**Problem statement**
Write back every record verbatim.

* * * * * * *

lemma emeasure_star_lt:
  fixes g :: "real^'n::finite \<Rightarrow> ennreal"
  assumes g: "g \<in> borel_measurable U_sph"
  shows "star_lt g \<in> sets lebesgue"
    and "emeasure lebesgue (star_lt g) = ennreal (cK TYPE('n)) * (\<integral>\<^sup>+ u. g u \<partial>U_sph)"
proof -
  obtain f where f: "\<And>i. simple_function U_sph (f i)" and "incseq f"
    and fin: "\<And>i x. f i x < top" and sup: "\<And>x. (SUP i. f i x) = g x"
    using borel_measurable_implies_simple_function_sequence'[OF g] by blast
  note star_f = emeasure_star_lt_simple[OF f fin]
  have "ennreal (norm y) ^ CARD('n) < g u \<longleftrightarrow> (\<exists>i. ennreal (norm y) ^ CARD('n) < f i u)"
    for y :: "real^'n" and u
    unfolding sup[of u, symmetric] less_SUP_iff by blast
  then have star: "star_lt g = (\<Union>i. star_lt (f i))"
    by (auto simp: star_lt_def)
  then show "star_lt g \<in> sets lebesgue"
    using star_f(1) by auto
  have "incseq (\<lambda>i. star_lt (f i))"
  proof (rule incseq_SucI, rule subsetI)
    fix i y assume "y \<in> star_lt (f i)"
    moreover have "f i (sgn y) \<le> f (Suc i) (sgn y)"
      using incseqD[OF \<open>incseq f\<close>, of i "Suc i"] by (simp add: le_fun_def)
    ultimately show "y \<in> star_lt (f (Suc i))"
      unfolding star_lt_def by (auto intro: order_less_le_trans)
  qed
  then have "emeasure lebesgue (star_lt g) = (SUP i. emeasure lebesgue (star_lt (f i)))"
    unfolding star using star_f(1) by (intro SUP_emeasure_incseq[symmetric]) auto
  also have "\<dots> = ennreal (cK TYPE('n)) * (SUP i. \<integral>\<^sup>+ u. f i u \<partial>U_sph)"
    by (simp add: star_f(2) SUP_mult_left_ennreal)
  also have "(SUP i. \<integral>\<^sup>+ u. f i u \<partial>U_sph) = (\<integral>\<^sup>+ u. g u \<partial>U_sph)"
    using nn_integral_monotone_convergence_SUP[OF \<open>incseq f\<close> borel_measurable_simple_function[OF f]]
    by (simp add: sup)
  finally show "emeasure lebesgue (star_lt g) = ennreal (cK TYPE('n)) * (\<integral>\<^sup>+ u. g u \<partial>U_sph)" .
qed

* * * * * * *

**Result**
lemma emeasure_star_lt:
  fixes g :: "real^'n::finite \<Rightarrow> ennreal"
  assumes g: "g \<in> borel_measurable U_sph"
  shows "star_lt g \<in> sets lebesgue"
    and "emeasure lebesgue (star_lt g) = ennreal (cK TYPE('n)) * (\<integral>\<^sup>+ u. g u \<partial>U_sph)"
proof -
  obtain f where f: "\<And>i. simple_function U_sph (f i)" and "incseq f"
    and fin: "\<And>i x. f i x < top" and sup: "\<And>x. (SUP i. f i x) = g x"
    using borel_measurable_implies_simple_function_sequence'[OF g] by blast
  note star_f = emeasure_star_lt_simple[OF f fin]
  have "ennreal (norm y) ^ CARD('n) < g u \<longleftrightarrow> (\<exists>i. ennreal (norm y) ^ CARD('n) < f i u)"
    for y :: "real^'n" and u
    unfolding sup[of u, symmetric] less_SUP_iff by blast
  then have star: "star_lt g = (\<Union>i. star_lt (f i))"
    by (auto simp: star_lt_def)
  then show "star_lt g \<in> sets lebesgue"
    using star_f(1) by auto
  have "incseq (\<lambda>i. star_lt (f i))"
  proof (rule incseq_SucI, rule subsetI)
    fix i y assume "y \<in> star_lt (f i)"
    moreover have "f i (sgn y) \<le> f (Suc i) (sgn y)"
      using incseqD[OF \<open>incseq f\<close>, of i "Suc i"] by (simp add: le_fun_def)
    ultimately show "y \<in> star_lt (f (Suc i))"
      unfolding star_lt_def by (auto intro: order_less_le_trans)
  qed
  then have "emeasure lebesgue (star_lt g) = (SUP i. emeasure lebesgue (star_lt (f i)))"
    unfolding star using star_f(1) by (intro SUP_emeasure_incseq[symmetric]) auto
  also have "\<dots> = ennreal (cK TYPE('n)) * (SUP i. \<integral>\<^sup>+ u. f i u \<partial>U_sph)"
    by (simp add: star_f(2) SUP_mult_left_ennreal)
  also have "(SUP i. \<integral>\<^sup>+ u. f i u \<partial>U_sph) = (\<integral>\<^sup>+ u. g u \<partial>U_sph)"
    using nn_integral_monotone_convergence_SUP[OF \<open>incseq f\<close> borel_measurable_simple_function[OF f]]
    by (simp add: sup)
  finally show "emeasure lebesgue (star_lt g) = ennreal (cK TYPE('n)) * (\<integral>\<^sup>+ u. g u \<partial>U_sph)" .
qed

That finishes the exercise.